*YOUR INSTRUCTIONS*
Print the first line of the records below and every line after it, up to and including the line with "11 = f 3 + f". Print nothing else.

*DATA TO USE*
text \<open>For \<open>k = 3, 4\<close> the block \<open>[4, k]\<close> is too short for the periodicity argument below,
  and the linear system is solved directly.\<close>

lemma initial_zero_k3:
  assumes k: "k = 3" and n: "n = 12"
  shows "f 0 = 0 \<and> f 1 = 0 \<and> f 2 = 0 \<and> f 3 = 0"
proof -
  have "f 6 = f 2 + f 3" by (rule step_low) (use k n in auto)
  moreover have "f 7 = f 3 + f 1" using rec_2k1 k n by simp
  moreover have "f 9 = f 1 + f 2 + f 3" by (rule rec_triple) (use k n in auto)
  moreover have "f 10 = f 2 + f 3 + f 1" using rec_3k1 k n by simp
  moreover have "f 11 = f 3 + f 1 + f 2" using rec_3k2 k n by simp
  moreover have "f 12 = f 0 + f 1 + f 2 + f 3" by (rule rec_quadruple) (use k n in auto)
  moreover have "f 13 = f 9 + f 10 - f 6" by (rule step_high) (use k n in auto)
  moreover have "f 14 = f 10 + f 11 - f 7" by (rule step_high) (use k n in auto)
  moreover have "f 12 = 0" "f 13 = 0" "f 14 = 0" by (simp_all add: vanish n)
  moreover have "f 1 + f 2 + f 3 = 0" using initial_sum sum_split_first_three[of k f] k by simp
  ultimately show ?thesis by linarith
qed

lemma initial_zero_k4:
  assumes k: "k = 4" and n: "n = 14" and pinned: "f 0 = 0" "f 1 = 0"
  shows "f 2 = 0 \<and> f 3 = 0 \<and> f 4 = 0"
proof -
  have "f 14 = f 4 + f 1 + f 2" using rec_3k2 k n by simp
  moreover have "f 15 = f 0 + f 1 + f 2 + f 3" by (rule rec_quadruple) (use k n in auto)
  moreover have "f 14 = 0" "f 15 = 0" by (simp_all add: vanish n)
  moreover have "f 1 + f 2 + f 3 + f 4 = 0" using initial_sum sum_split_first_three[of k f] k by simp
  ultimately show ?thesis using pinned by linarith
qed
lemma cond_char_power_le:
  assumes "S \<le> n" "z \<in> set_pmf (map_pmf (blocksum B k) (unif_block {..<n} S))"
  shows "cmod (\<integral>x. cis (t * f x) \<partial>cond_pmf (unif_block {..<n} S) {x. blocksum B k x = z}) ^ 2 ^ k
    \<le> (\<integral>Y. cmod (\<integral>x. cis (t * decouple A B k f x Y)
          \<partial>cond_pmf (unif_block {..<n} S) {x. blocksum B k x = z}) \<partial>Ydist B k z)"
proof -
  obtain m where S: "S = m + (\<Sum>j\<in>{1..k}. z j)" and z: "\<forall>j. j \<notin> {1..k} \<longrightarrow> z j = 0"
    and ne_X: "weight_vectors A m \<noteq> {}" and ne_N: "\<And>j. j \<in> {1..k} \<Longrightarrow> weight_vectors (B j) (z j) \<noteq> {}"
    using blocksum_support[OF assms] by blast
  let ?N = "\<lambda>j. unif_block (B j) (z j)"
  let ?Y = "Pi_pmf {1..k} (\<lambda>_. False) ?N"
  let ?M = "cond_pmf (unif_block {..<n} S) {x. blocksum B k x = z}"
  have M: "?M = map_pmf (\<lambda>(x, y). splice A B k x y) (pair_pmf (unif_block A m) ?Y)"
    unfolding S using z ne_X ne_N by (rule cond_unif_block_blocksum)
  have fin_N: "finite (set_pmf (?N j))" if "j \<in> {1..k}" for j
    using that ne_N finite_B by (simp add: set_pmf_unif_block finite_weight_vectors)
  have fin_X: "finite (set_pmf (unif_block A m))"
    using ne_X finite_A by (simp add: set_pmf_unif_block finite_weight_vectors)
  have fin_Y: "finite (set_pmf ?Y)"
    using fin_N by (intro finite_set_pmf_Pi_pmf) auto
  have fin_M: "finite (set_pmf ?M)"
    unfolding M using fin_X fin_Y by simp
  have "(\<integral>x. cis (t * f x) \<partial>?M) = (\<integral>x. (\<integral>y. cis (t * f (splice A B k x y)) \<partial>?Y) \<partial>?M)"
    unfolding M using fin_X fin_Y by (rule integral_splice_resample)
  moreover have "cmod (\<integral>x. (\<integral>y. cis (t * f (splice A B k x y)) \<partial>?Y) \<partial>?M) ^ 2 ^ card {1..k}
      \<le> (\<integral>Y. cmod (\<integral>x. cis (iterated_difference {1..k} (\<lambda>y. t * f (splice A B k x y)) Y) \<partial>?M)
          \<partial>Pi_pmf ({1..k} \<times> UNIV) (\<lambda>_. False) (\<lambda>(j, l). ?N j))"
    using fin_M fin_N by (intro decoupling_inequality) auto
  ultimately show ?thesis
    by (simp add: decouple_eq_iterated_difference Ydist_def)
qed

end

theorem lemma2p11:
  fixes p t :: real and n S k :: nat
    and A :: "nat set" and B :: "nat \<Rightarrow> nat set"
    and f :: "(nat \<Rightarrow> bool) \<Rightarrow> real"
  assumes p: "0 < p" "p < 1"
    and S: "S \<le> n"
    and cover: "A \<union> (\<Union>j\<in>{1..k}. B j) = {..<n}"
    and disjA: "\<forall>j\<in>{1..k}. A \<inter> B j = {}"
    and disjB: "\<forall>j\<in>{1..k}. \<forall>j'\<in>{1..k}. j \<noteq> j' \<longrightarrow> B j \<inter> B j' = {}"
  shows "cmod (\<integral>x. exp (\<i> * complex_of_real (t * f x)) \<partial>measure_pmf (cond_bern p n S)) ^ (2 ^ k)
    \<le> (\<integral>z. (\<integral>Y.
          cmod (\<integral>x. exp (\<i> * complex_of_real (t * decouple A B k f x Y))
                  \<partial>measure_pmf (cond_pmf (cond_bern p n S) {x. blocksum B k x = z}))
        \<partial>measure_pmf (Ydist B k z))
      \<partial>measure_pmf (map_pmf (blocksum B k) (cond_bern p n S)))"
proof -
  interpret block_partition n k A B
    using cover disjA disjB by unfold_locales
  let ?\<mu> = "unif_block {..<n} S"
  have fin: "finite (set_pmf ?\<mu>)"
    using S by (simp add: set_pmf_unif_block finite_weight_vectors weight_vectors_nonempty)
  have "cmod (\<integral>x. cis (t * f x) \<partial>?\<mu>) ^ 2 ^ k
      \<le> (\<integral>z. cmod (\<integral>x. cis (t * f x) \<partial>cond_pmf ?\<mu> {x. blocksum B k x = z}) ^ 2 ^ k
          \<partial>map_pmf (blocksum B k) ?\<mu>)"
    using fin by (rule norm_integral_power_two_pow_le_cond_pmf)
  also have "\<dots> \<le> (\<integral>z. (\<integral>Y. cmod (\<integral>x. cis (t * decouple A B k f x Y)
          \<partial>cond_pmf ?\<mu> {x. blocksum B k x = z}) \<partial>Ydist B k z) \<partial>map_pmf (blocksum B k) ?\<mu>)"
    using fin S by (intro integral_mono_pmf_finite cond_char_power_le) auto
  finally show ?thesis
    unfolding cond_bern_eq_unif_block[OF p S] cis_conv_exp .
qed

end
section \<open>The reduced cost of the base displacements\<close>

definition base_cost :: "real \<Rightarrow> real \<Rightarrow> config \<Rightarrow> config \<Rightarrow> real" where
  "base_cost A C K K' =
     A * (\<Sum>i\<in>{1,2,3}. (norm (K i - K' i - (centroid3 K - centroid3 K')))\<^sup>2)
     + C * (norm (centroid3 K - centroid3 K'))\<^sup>2"

lemma base_cost_nonneg: "0 \<le> A \<Longrightarrow> 0 \<le> C \<Longrightarrow> 0 \<le> base_cost A C K K'"
  by (simp add: base_cost_def)

lemma centroid3_diff: "centroid3 K - centroid3 K' = (1/3) *\<^sub>R ((K 1 - K' 1) + (K 2 - K' 2) + (K 3 - K' 3))"
  by (simp add: centroid3_def algebra_simps)

lemma base_cost_collinear:
  assumes "n \<noteq> 0" and "\<forall>i\<in>{1,2,3}. y i \<bullet> n = k"
  shows "base_cost A C K y = A * centroid_line_sqdist K n
    + A * (\<Sum>i\<in>{1,2,3}. ((K i - y i - (centroid3 K - centroid3 y)) \<bullet> rot90 n)\<^sup>2) / (n \<bullet> n)
    + C * (norm (centroid3 K - centroid3 y))\<^sup>2"
proof -
  define d where "d = centroid3 K - centroid3 y"
  have "centroid3 y \<bullet> n = k"
    using assms(2) by (simp add: centroid3_def inner_add_left)
  then have normal_part: "(K i - y i - d) \<bullet> n = (K i - centroid3 K) \<bullet> n" if "i \<in> {1,2,3}" for i
  proof -
    have "y i \<bullet> n = k" using assms(2) that by blast
    then show ?thesis using \<open>centroid3 y \<bullet> n = k\<close> by (simp add: d_def inner_diff_left)
  qed
  have "(norm (K i - y i - d))\<^sup>2
      = (((K i - centroid3 K) \<bullet> n)\<^sup>2 + ((K i - y i - d) \<bullet> rot90 n)\<^sup>2) / (n \<bullet> n)"
    if "i \<in> {1,2,3}" for i
    using inner_rot90_sq_sum[of "K i - y i - d" n] normal_part[OF that] assms(1)
    by (simp add: power2_norm_eq_inner field_simps)
  then have "(\<Sum>i\<in>{1,2,3}. (norm (K i - y i - d))\<^sup>2)
      = centroid_line_sqdist K n + (\<Sum>i\<in>{1,2,3}. ((K i - y i - d) \<bullet> rot90 n)\<^sup>2) / (n \<bullet> n)"
    unfolding centroid_line_sqdist_def by (simp add: add_divide_distrib)
  then show ?thesis
    unfolding base_cost_def d_def by (simp add: distrib_left)
qed

lemma base_cost_ge_centroid_line_sqdist:
  assumes "0 \<le> A" "0 \<le> C" "n \<noteq> 0" "\<forall>i\<in>{1,2,3}. y i \<bullet> n = k"
  shows "A * centroid_line_sqdist K n \<le> base_cost A C K y"
  using assms by (simp add: base_cost_collinear[OF assms(3,4)])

*SOLUTION TO THIS EXERCISE*
text \<open>For \<open>k = 3, 4\<close> the block \<open>[4, k]\<close> is too short for the periodicity argument below,
  and the linear system is solved directly.\<close>

lemma initial_zero_k3:
  assumes k: "k = 3" and n: "n = 12"
  shows "f 0 = 0 \<and> f 1 = 0 \<and> f 2 = 0 \<and> f 3 = 0"
proof -
  have "f 6 = f 2 + f 3" by (rule step_low) (use k n in auto)
  moreover have "f 7 = f 3 + f 1" using rec_2k1 k n by simp
  moreover have "f 9 = f 1 + f 2 + f 3" by (rule rec_triple) (use k n in auto)
  moreover have "f 10 = f 2 + f 3 + f 1" using rec_3k1 k n by simp
  moreover have "f 11 = f 3 + f 1 + f 2" using rec_3k2 k n by simp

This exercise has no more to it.